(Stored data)
lemma rank_one_triple_identification:
  fixes Gamma :: "real^2^'m" and S Delta :: "real^'m^'m"
  assumes "CARD('m) = 5" and rep: "pd_diag Delta" "S = Delta + Gamma ** transpose Gamma"
    and rows: "\<And>i. Gamma$i \<noteq> 0" and small: "\<And>B. subrank Gamma B = 1 \<Longrightarrow> card B \<le> 3"
    and A: "card A = 3" "subrank Gamma A = 1"
  shows "\<exists>Q::real^2^2. orthogonal_matrix Q \<and>
           (\<forall>i\<in>A. (Gamma ** Q)$i$2 = 0 \<and> (Gamma ** Q)$i$1 \<noteq> 0) \<and>
           (\<forall>i. i \<notin> A \<longrightarrow> (Gamma ** Q)$i$2 \<noteq> 0) \<and>
           (\<forall>(D::real^'m^'m) (G::real^2^'m). pd_diag D \<and> S = D + G ** transpose G \<longrightarrow>
              (\<exists>Q'::real^2^2. orthogonal_matrix Q' \<and>
                 (\<forall>i\<in>A. (G ** Q')$i$2 = 0) \<and>
                 (\<forall>i. i \<notin> A \<longrightarrow> (G ** Q')$i$2 \<noteq> 0) \<and>
                 (\<forall>i. (G ** Q')$i$1 = (Gamma ** Q)$i$1) \<and>
                 (\<Prod>i\<in>-A. (G ** Q')$i$2) = (\<Prod>i\<in>-A. (Gamma ** Q)$i$2)))"
proof -
  have "subrank Gamma (insert x A) \<noteq> 1" if "x \<notin> A" for x
    using small[of "insert x A"] A(1) that by auto
  then obtain Q where Q: "orthogonal_matrix Q"
      "\<And>i. i \<in> A \<Longrightarrow> (Gamma ** Q)$i$2 = 0 \<and> (Gamma ** Q)$i$1 \<noteq> 0"
      "\<And>i. i \<notin> A \<Longrightarrow> (Gamma ** Q)$i$2 \<noteq> 0"
    using maximal_rank_one_set_normal_form[OF rows A(2)] by blast
  obtain a1 a2 a3 where a: "A = {a1, a2, a3}" "a1 \<noteq> a2" "a2 \<noteq> a3" "a1 \<noteq> a3"
    using A(1) by (auto simp: card_3_iff)
  obtain m n where mn: "- A = {m, n}" "m \<noteq> n"
    using A(1) assms(1) card_complement[of A] by (auto simp: card_2_iff)
  have d: "distinct [a1, a2, a3, m, n]"
    using a mn by (auto simp: set_eq_iff)
  have "\<exists>Q'. orthogonal_matrix Q' \<and> (\<forall>i\<in>A. (G ** Q')$i$2 = 0) \<and>
          (\<forall>i. i \<notin> A \<longrightarrow> (G ** Q')$i$2 \<noteq> 0) \<and> (\<forall>i. (G ** Q')$i$1 = (Gamma ** Q)$i$1) \<and>
          (\<Prod>i\<in>-A. (G ** Q')$i$2) = (\<Prod>i\<in>-A. (Gamma ** Q)$i$2)"
    if "pd_diag D" "S = D + G ** transpose G" for D :: "real^'m^'m" and G :: "real^2^'m"
  proof -
    have "same_offdiag G Gamma"
      by (rule same_offdiag_representations[OF that(1) rep(1) that(2) rep(2)])
    then have "same_offdiag G (Gamma ** Q)"
      using same_offdiag_sym same_offdiag_rotate Q(1) by blast
    then obtain Q' where "orthogonal_matrix Q'" "\<And>i. i \<in> A \<Longrightarrow> (G ** Q')$i$2 = 0"
        "\<And>i. i \<notin> A \<Longrightarrow> (G ** Q')$i$2 \<noteq> 0" "\<And>i. (G ** Q')$i$1 = (Gamma ** Q)$i$1"
        "(\<Prod>i\<in>-A. (G ** Q')$i$2) = (\<Prod>i\<in>-A. (Gamma ** Q)$i$2)"
      by (rule representation_normal_form[OF _ d _ mn(1)]) (use a(1) Q(2,3) in auto)
    then show ?thesis by blast
  qed
  then show ?thesis
    using Q by blast
qed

- _Aim of the task_: The expected answer is every line above in which the word "rule" appears.

- _Reply to the exercise_:
      by (rule same_offdiag_representations[OF that(1) rep(1) that(2) rep(2)])
      by (rule representation_normal_form[OF _ d _ mn(1)]) (use a(1) Q(2,3) in auto)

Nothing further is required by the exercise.